The silica layer has a relative dielectric constant smaller than that of the silicon oxide film.
A semiconductor device characterized by being made of a hydrogenated silicon oxide is a means for solving the above problem.

[Procedure amendment 3]

[Document name to be amended] Statement

[Correction target item name] 0008

[Correction method] Change

[Correction contents]

According to a second aspect of the present invention, a semiconductor substrate having a metal wiring patterned by using a silicon oxide film as a mask and having a groove between the metal wirings is moved from the silicon oxide film side to the position of the silicon oxide film. A method for manufacturing a semiconductor device, characterized in that the method is immersed in a silica solution contained in a liquid storage dish, is provided as a means for solving the above problem. According to a third aspect of the present invention, after the semiconductor substrate is immersed in a silica solution, the semiconductor substrate is baked at 200 ° C. to 400 ° C. while the semiconductor substrate is vertically lifted from the silica solution, and the opening of the groove is formed. A method for manufacturing a semiconductor device according to claim 2 , wherein the silica solution held in the portion is cured.

Claims (4)

[Claims] 1. A semiconductor device, wherein a cavity having upper and lower ends corresponding to the thickness of metal wiring is formed on a semiconductor substrate, and a silica layer is formed on the cavity. 2. The semiconductor device according to claim 1, wherein said silica layer is made of hydrogenated silicon oxide having a relative dielectric constant smaller than that of a silicon oxide film. 3. A semiconductor substrate having metal wirings patterned with a silicon oxide film as a mask and having a groove between the metal wirings is placed in a liquid storage dish from the silicon oxide film side to the position of the silicon oxide film.
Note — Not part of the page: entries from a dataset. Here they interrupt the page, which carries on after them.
(* For every composition $\alpha$ and all $a,b\in\mathbb C$, $\omega(\widehat{\mathcal B}(a,b)_\alpha)=\widehat{\mathcal B}(-a,a+b)_{\alpha^r}$.
   Context: $\mathsf{NSym}$ is the algebra of noncommutative symmetric functions over $\mathbb C$ with basis $H_\alpha=H_{\alpha_1}\cdots H_{\alpha_l}$; $\Lambda_n=\sum_{\beta}(-1)^{n-\ell(\beta)}H_\beta$ (sum over compositions $\beta$ of $n$) and $\Lambda_\alpha=\Lambda_{\alpha_1}\cdots\Lambda_{\alpha_l}$. $\omega:\mathsf{NSym}\to\mathsf{NSym}$ is the involutive algebra anti-automorphism with $\omega(H_\alpha)=\Lambda_{\alpha^r}$, where $\alpha^r=(\alpha_l,\dots,\alpha_1)$. For a composition $\alpha$ of $n$, $\mathrm{set}(\alpha)=\{\alpha_1,\alpha_1+\alpha_2,\dots,\alpha_1+\dots+\alpha_{l-1}\}$, $\ell(\alpha)=l$, and $\beta\preceq\alpha$ means $\mathrm{set}(\alpha)\subseteq\mathrm{set}(\beta)$. Define $\widehat{\mathcal B}(a,b)_\alpha=\sum_{\beta\preceq\alpha}a^{n-\ell(\beta)}b^{\ell(\beta)-\ell(\alpha)}H_\beta$ (convention $0^0=1$), and $\widehat{\mathcal B}(a,b)$ of the empty composition is $1$. *)

theory Defs
  imports Complex_Main
begin

text \<open>Elements of NSym are represented by their coefficient functions in the
 basis H_alpha: an element f corresponds to the sum over compositions alpha of
 f alpha * H_alpha.\<close>

type_synonym nsym = "nat list \<Rightarrow> complex"

definition is_composition :: "nat list \<Rightarrow> bool" where
  "is_composition \<alpha> \<longleftrightarrow> (\<forall>x\<in>set \<alpha>. 0 < x)"

definition comps :: "nat \<Rightarrow> nat list set" where
  "comps n = {\<beta>. is_composition \<beta> \<and> sum_list \<beta> = n}"

definition compset :: "nat list \<Rightarrow> nat set" where
  "compset \<alpha> = {sum_list (take i \<alpha>) | i. 0 < i \<and> i < length \<alpha>}"

definition refines :: "nat list \<Rightarrow> nat list \<Rightarrow> bool" where
  "refines \<beta> \<alpha> \<longleftrightarrow> compset \<alpha> \<subseteq> compset \<beta>"

text \<open>Multiplication: H_u H_v = H_(u@v), extended bilinearly.\<close>
definition nmult :: "nsym \<Rightarrow> nsym \<Rightarrow> nsym" where
  "nmult f g = (\<lambda>\<gamma>. \<Sum>i\<le>length \<gamma>. f (take i \<gamma>) * g (drop i \<gamma>))"

definition none :: nsym where
  "none = (\<lambda>\<gamma>. if \<gamma> = [] then 1 else 0)"

definition Hgen :: "nat \<Rightarrow> nsym" where
  "Hgen n = (\<lambda>\<gamma>. if \<gamma> = [n] then 1 else 0)"

definition H :: "nat list \<Rightarrow> nsym" where
  "H \<alpha> = foldr (\<lambda>n acc. nmult (Hgen n) acc) \<alpha> none"

definition Lam :: "nat \<Rightarrow> nsym" where
  "Lam n = (\<lambda>\<gamma>. \<Sum>\<beta>\<in>comps n. (-1) ^ (n - length \<beta>) * H \<beta> \<gamma>)"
A method for manufacturing a semiconductor device, characterized by immersing the semiconductor device in a silica solution. 4. After the semiconductor substrate is immersed in a silica solution, the semiconductor substrate is baked at 200 ° C. to 400 ° C. in a state of being vertically lifted from the silica solution and held in the opening of the groove. 4. The method for manufacturing a semiconductor device according to claim 3, wherein the prepared silica solution is cured.